VS: Disestablished Scouting squadrons and VS designations no longer in use
The VS designation first appeared in 1922 as the designation for scouting squadrons. It was used as the designation for scouting squadron until it was formally removed from the squadron designation system in 1946, but it had ceased to exist in 1943 as by the end of that year VS squadrons had all been redesignated to VF, VT, VC or VCS (cruiser scouting squadron). There were approximately 26 squadrons designated VS (scouting squadron) between the years 1922 and 1943, one of them (the second Scouting Squadron VS-41) still exists today as VFA-14, the rest were all disestablished, or redesignated then disestablished by the end of 1949. There was a later use of the VS designation from 1950 to 2009 to designate "Antisubmarine" or "Sea Control squadrons"
       
Note: The parenthetical (first use), (second use), (1st), (2nd), (3rd) etc... appended to some designations in the table below are not a part of the squadron designation system. They are added to indicate that the designation was used more than once during the history of U.S. Naval Aviation and which use of the designation is indicated. Absence indicates that the designation was used only once.

VT: Disestablished Torpedo squadrons and VT designations no longer in use
The VT designation is one of the earliest used by the U.S. Navy. A "Torpedo Plane Squadron" existed as early as 1920 but the use of abbreviated squadron designations (such as "VT") did not come into accepted use until 1922. From 1922 to 1930 it designated "Torpedo & Bombing Plane Squadrons" or "Torpedo and Bombing Squadrons". In 1930 it designated "Torpedo Squadrons" until 1946 when all remaining VT squadrons were redesignated Attack (VA) squadrons and the VT designation disappeared. Between 1927 and 1937 a suffix letter was added after the designation number to identify to which fleet or Naval District the squadron belonged: B for Battle Fleet, S for Scouting Fleet, A for Asiatic Fleet or D followed by a Naval District number for those squadrons assigned to Naval Districts. On 15 November 1946 the squadron designation system underwent a major change; the 17 still existing VT and 14 still existing Bombing (VB) squadrons were redesignated Attack (VA) squadrons and the VT and VB designations were eliminated. On 1 May 1960 the VT designation was resurrected as the designation for training squadrons but there is no relationship between the training squadrons which have used the VT designation since 1960 and the Torpedo or Torpedo and Bombing squadrons of the 1920s to 1940s. The VTN designation was used from 1944 to 1946 to designate "Night Torpedo Squadrons"

The table below is a partial list of the approximately 90 to 100 squadrons which carried the VT designation between 1921 and 1946.

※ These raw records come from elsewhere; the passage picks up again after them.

lemma sdist_great_circle_less:
  fixes p q u :: "'a::euclidean_space"
  assumes p: "norm p = 1" and q: "norm q = 1" and u: "norm u = 1" and "u \<bullet> p = 0"
    and acute: "0 < u \<bullet> q" and "0 < t" and t: "t + sdist p q < pi"
  shows "sdist (cos t *\<^sub>R p + sin t *\<^sub>R u) q < t + sdist p q"
proof -
  define x where "x = cos t *\<^sub>R p + sin t *\<^sub>R u"
  have x: "norm x = 1" unfolding x_def using p u \<open>u \<bullet> p = 0\<close> by (rule norm_great_circle)
  have D: "0 \<le> sdist p q" "sdist p q \<le> pi" using sdist_nonneg[OF p q] sdist_le_pi[OF p q] .
  have "0 < sin t" using \<open>0 < t\<close> t D by (intro sin_gt_zero) auto
  then have "0 < sin t * (u \<bullet> q)" and "0 \<le> sin t * sin (sdist p q)"
    using acute D by (simp_all add: sin_ge_zero)
  then have "cos (t + sdist p q) < cos t * cos (sdist p q) + sin t * (u \<bullet> q)"
    by (simp add: cos_add)
  also have "\<dots> = x \<bullet> q" unfolding x_def by (simp add: inner_add_left cos_sdist[OF p q])
  finally have "arccos (x \<bullet> q) < arccos (cos (t + sdist p q))"
    using abs_inner_le_1[OF x q] by (intro arccos_less_arccos) auto
  also have "\<dots> = t + sdist p q" using \<open>0 < t\<close> t D by (intro arccos_cos) auto
  finally show ?thesis unfolding x_def sdist_def .
qed

lemma sdist_set_ge_iff:
  "finite P \<Longrightarrow> P \<noteq> {} \<Longrightarrow> c \<le> sdist_set x P \<longleftrightarrow> (\<forall>q\<in>P. c \<le> sdist x q)"
  by (simp add: sdist_set_def)

lemma sdist_set_le_iff:
  "finite P \<Longrightarrow> P \<noteq> {} \<Longrightarrow> sdist_set x P \<le> c \<longleftrightarrow> (\<exists>q\<in>P. sdist x q \<le> c)"
  by (simp add: sdist_set_def Min_le_iff)

lemma sdist_set_self:
  fixes P :: "'a::euclidean_space set"
  assumes "finite P" and "P \<subseteq> sphere 0 1" and "p \<in> P"
  shows "sdist_set p P = 0"
proof -
  have unit: "\<And>q. q \<in> P \<Longrightarrow> norm q = 1" and "P \<noteq> {}" using assms(2,3) by auto
  have "sdist_set p P \<le> 0"
    using sdist_set_le_iff[OF assms(1) \<open>P \<noteq> {}\<close>] sdist_self[OF unit[OF assms(3)]] assms(3)
    by (auto intro!: bexI[of _ p])
  moreover have "0 \<le> sdist_set p P"
    using sdist_set_ge_iff[OF assms(1) \<open>P \<noteq> {}\<close>] sdist_nonneg[OF unit[OF assms(3)] unit] by blast
  ultimately show ?thesis by simp
qed

lemma sdiam_eq_Max:
  assumes "finite P" and "P \<noteq> {}"
  shows "sdiam P = Max (case_prod sdist ` (P \<times> P))"
proof -
  have "{sdist p q | p q. p \<in> P \<and> q \<in> P} = case_prod sdist ` (P \<times> P)" by auto
  then show ?thesis using assms by (simp add: sdiam_def cSup_eq_Max)
qed

lemma sdist_le_sdiam: "finite P \<Longrightarrow> p \<in> P \<Longrightarrow> q \<in> P \<Longrightarrow> sdist p q \<le> sdiam P"
  by (subst sdiam_eq_Max) (auto intro: Max_ge)

lemma sdiam_le_iff:
  "finite P \<Longrightarrow> P \<noteq> {} \<Longrightarrow> sdiam P \<le> c \<longleftrightarrow> (\<forall>p\<in>P. \<forall>q\<in>P. sdist p q \<le> c)"
  by (simp add: sdiam_eq_Max)

lemma sdiam_attained:
  assumes "finite P" and "P \<noteq> {}"
  obtains p q where "p \<in> P" and "q \<in> P" and "sdiam P = sdist p q"
proof -
  have "sdiam P \<in> case_prod sdist ` (P \<times> P)"
    unfolding sdiam_eq_Max[OF assms] using assms by (intro Max_in) auto
  then show ?thesis using that by auto
qed

lemma sdiam_less_pi:
  fixes P :: "'a::euclidean_space set"
  assumes "finite P" and "P \<noteq> {}" and "P \<subseteq> sphere 0 1" and "\<forall>p\<in>P. - p \<notin> P"
  shows "sdiam P < pi"
proof -
  obtain p q where pq: "p \<in> P" "q \<in> P" "sdiam P = sdist p q"
    using sdiam_attained[OF assms(1,2)] .
  then have "norm p = 1" "norm q = 1" using assms(3) by auto
  then have "sdist p q \<le> pi" and "sdist p q \<noteq> pi"
    using sdist_le_pi[OF \<open>norm p = 1\<close> \<open>norm q = 1\<close>] sdist_eq_pi_iff[OF \<open>norm p = 1\<close> \<open>norm q = 1\<close>]
      pq(1,2) assms(4) by auto
  then show ?thesis using pq(3) by simp
qed

text \<open>Otherwise lowering \<open>f\<close> at \<open>x\<close> to \<open>max c (d x x / 2)\<close> stays in \<open>Delta X d\<close>,
  contradicting minimality; the term \<open>d x x / 2\<close> takes care of the diagonal.\<close>

lemma tight_span_le:
  assumes f: "f \<in> tight_span X d" and sym: "\<And>x y. x \<in> X \<Longrightarrow> y \<in> X \<Longrightarrow> d x y = d y x"
    and "x \<in> X" and bound: "\<And>y. y \<in> X \<Longrightarrow> d x y - f y \<le> c"
  shows "f x \<le> c"
proof (rule ccontr)
  assume "\<not> f x \<le> c"
  have fD: "f \<in> Delta X d" and min: "\<And>g. g \<in> Delta X d \<Longrightarrow> \<forall>y\<in>X. g y \<le> f y \<Longrightarrow> \<forall>y\<in>X. g y = f y"
    using f by (auto simp: tight_span_def)
  define g where "g = f(x := max c (d x x / 2))"
  have g_Delta: "g \<in> Delta X d"
    unfolding Delta_def
  proof (intro CollectI conjI ballI)
    have "g ` X \<subseteq> insert (g x) (f ` X)" by (auto simp: g_def)
    from bounded_subset[OF _ this] show "bounded (g ` X)" using fD by (simp add: Delta_def)
  next
    have side: "d x w \<le> g x + g w" if "w \<in> X" for w
    proof (cases "w = x")
      case False
      then show ?thesis using bound[OF that] by (simp add: g_def)
    qed (simp add: g_def)
    fix y z assume "y \<in> X" "z \<in> X"
    consider "y = x" | "z = x" | "y \<noteq> x" "z \<noteq> x" by blast
    then show "d y z \<le> g y + g z"
    proof cases
      case 1
      then show ?thesis using side[OF \<open>z \<in> X\<close>] by simp
    next
      case 2
      then show ?thesis using side[OF \<open>y \<in> X\<close>] sym[OF \<open>y \<in> X\<close> \<open>x \<in> X\<close>] by simp
    next
      case 3
      then show ?thesis using fD \<open>y \<in> X\<close> \<open>z \<in> X\<close> by (simp add: g_def Delta_def)
    qed
  qed
  have "d x x \<le> f x + f x" using fD \<open>x \<in> X\<close> unfolding Delta_def by blast
  then have "\<forall>y\<in>X. g y \<le> f y" using \<open>\<not> f x \<le> c\<close> by (simp add: g_def)
  then have "g x = f x" using min[OF g_Delta] \<open>x \<in> X\<close> by blast
  then have "f x = d x x / 2" using \<open>\<not> f x \<le> c\<close> by (simp add: g_def max_def split: if_splits)
  then show False using bound[OF \<open>x \<in> X\<close>] \<open>\<not> f x \<le> c\<close> by simp
qed

lemma tight_span_sdist_set_farthest:
  fixes P :: "'a::euclidean_space set"
  assumes fin: "finite P" and ne: "P \<noteq> {}" and sub: "P \<subseteq> sphere 0 1"
    and ts: "(\<lambda>x. sdist_set x P + a) \<in> tight_span (sphere 0 1) sdist"
    and x: "x \<in> sphere 0 1"
  shows "\<exists>q\<in>P. sdist_set x P + 2 * a \<le> sdist x q"
proof -
  have "Max (sdist x ` P) \<in> sdist x ` P" using fin ne by (intro Max_in) auto
  then obtain q where "q \<in> P" and q: "sdist x q = Max (sdist x ` P)" by auto
  have "sdist_set x P + a \<le> sdist x q - a"
  proof (rule tight_span_le[OF ts _ x])
    fix y :: 'a assume y: "y \<in> sphere 0 1"
    obtain q' where "q' \<in> P" and near: "sdist y q' \<le> sdist_set y P"
      using sdist_set_le_iff[OF fin ne] by blast
    have "sdist x y \<le> sdist x q' + sdist q' y"
      using \<open>q' \<in> P\<close> sub x y by (intro sdist_triangle) auto
    also have "\<dots> \<le> sdist x q + sdist_set y P"
    proof -
      have "sdist x q' \<le> sdist x q" unfolding q using fin \<open>q' \<in> P\<close> by (intro Max_ge) auto
      then show ?thesis using near sdist_commute[of q' y] by simp
    qed
    finally show "sdist x y - (sdist_set y P + a) \<le> sdist x q - a" by simp
  qed (rule sdist_commute)
  then have "sdist_set x P + 2 * a \<le> sdist x q" by simp
  with \<open>q \<in> P\<close> show ?thesis by blast
qed

lemma tight_span_sdist_set_offset:
  fixes P :: "'a::euclidean_space set"
  assumes fin: "finite P" and ne: "P \<noteq> {}" and sub: "P \<subseteq> sphere 0 1"
    and ts: "(\<lambda>x. sdist_set x P + a) \<in> tight_span (sphere 0 1) sdist"
  shows "a = sdiam P / 2"
proof -
  have Delta: "\<forall>x\<in>sphere 0 1. \<forall>y\<in>sphere 0 1. sdist x y \<le> (sdist_set x P + a) + (sdist_set y P + a)"
    using ts unfolding tight_span_def Delta_def by blast
  have "sdist p q \<le> 2 * a" if "p \<in> P" "q \<in> P" for p q
  proof -
    have "p \<in> sphere 0 1" "q \<in> sphere 0 1" using sub that by auto
    with Delta have "sdist p q \<le> (sdist_set p P + a) + (sdist_set q P + a)" by blast
    then show ?thesis using sdist_set_self[OF fin sub] that by simp
  qed
  then have "sdiam P \<le> 2 * a" using fin ne by (simp add: sdiam_le_iff)
  moreover obtain p where "p \<in> P" using ne by auto
  then have "p \<in> sphere 0 1" using sub by auto
  with tight_span_sdist_set_farthest[OF fin ne sub ts]
  obtain q where "q \<in> P" and "sdist_set p P + 2 * a \<le> sdist p q" by auto
  then have "2 * a \<le> sdiam P"
    using \<open>p \<in> P\<close> fin sub sdist_set_self sdist_le_sdiam by fastforce
  ultimately show ?thesis by simp
qed

lemma inner_slog_dir_less_0_iff:
  fixes p q v :: "'a::euclidean_space"
  assumes "v \<bullet> p = 0"
  shows "v \<bullet> slog_dir p q < 0 \<longleftrightarrow> v \<bullet> q < 0"
proof -
  have vq: "v \<bullet> (q - (p \<bullet> q) *\<^sub>R p) = v \<bullet> q" using assms by (simp add: inner_diff_right)
  then have "v \<bullet> slog_dir p q = (v \<bullet> q) / norm (q - (p \<bullet> q) *\<^sub>R p)"
    by (simp add: slog_dir_def sgn_div_norm divide_inverse_commute)
  then show ?thesis
    by (cases "q - (p \<bullet> q) *\<^sub>R p = 0") (use vq in \<open>auto simp: divide_less_0_iff\<close>)
qed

Squadron Designations last used between 1948 and 1979
Naval Aviation underwent massive changes after WWII with great reductions in numbers and with new technologies that fostered the creation of new types of aircraft squadrons. The designations listed in this section reflect the new squadron types that were created, those such as nuclear attack, airborne early warning and "all weather" (radar equipped) squadrons. Additionally, there were a few others developed specifically for roles necessitated by the Vietnam War which can be found herein. Others such as electronic warfare (VAQ) and carrier based early warning (VAW) squadrons were also created during this time period but are not included in this section as those designations continue in use today.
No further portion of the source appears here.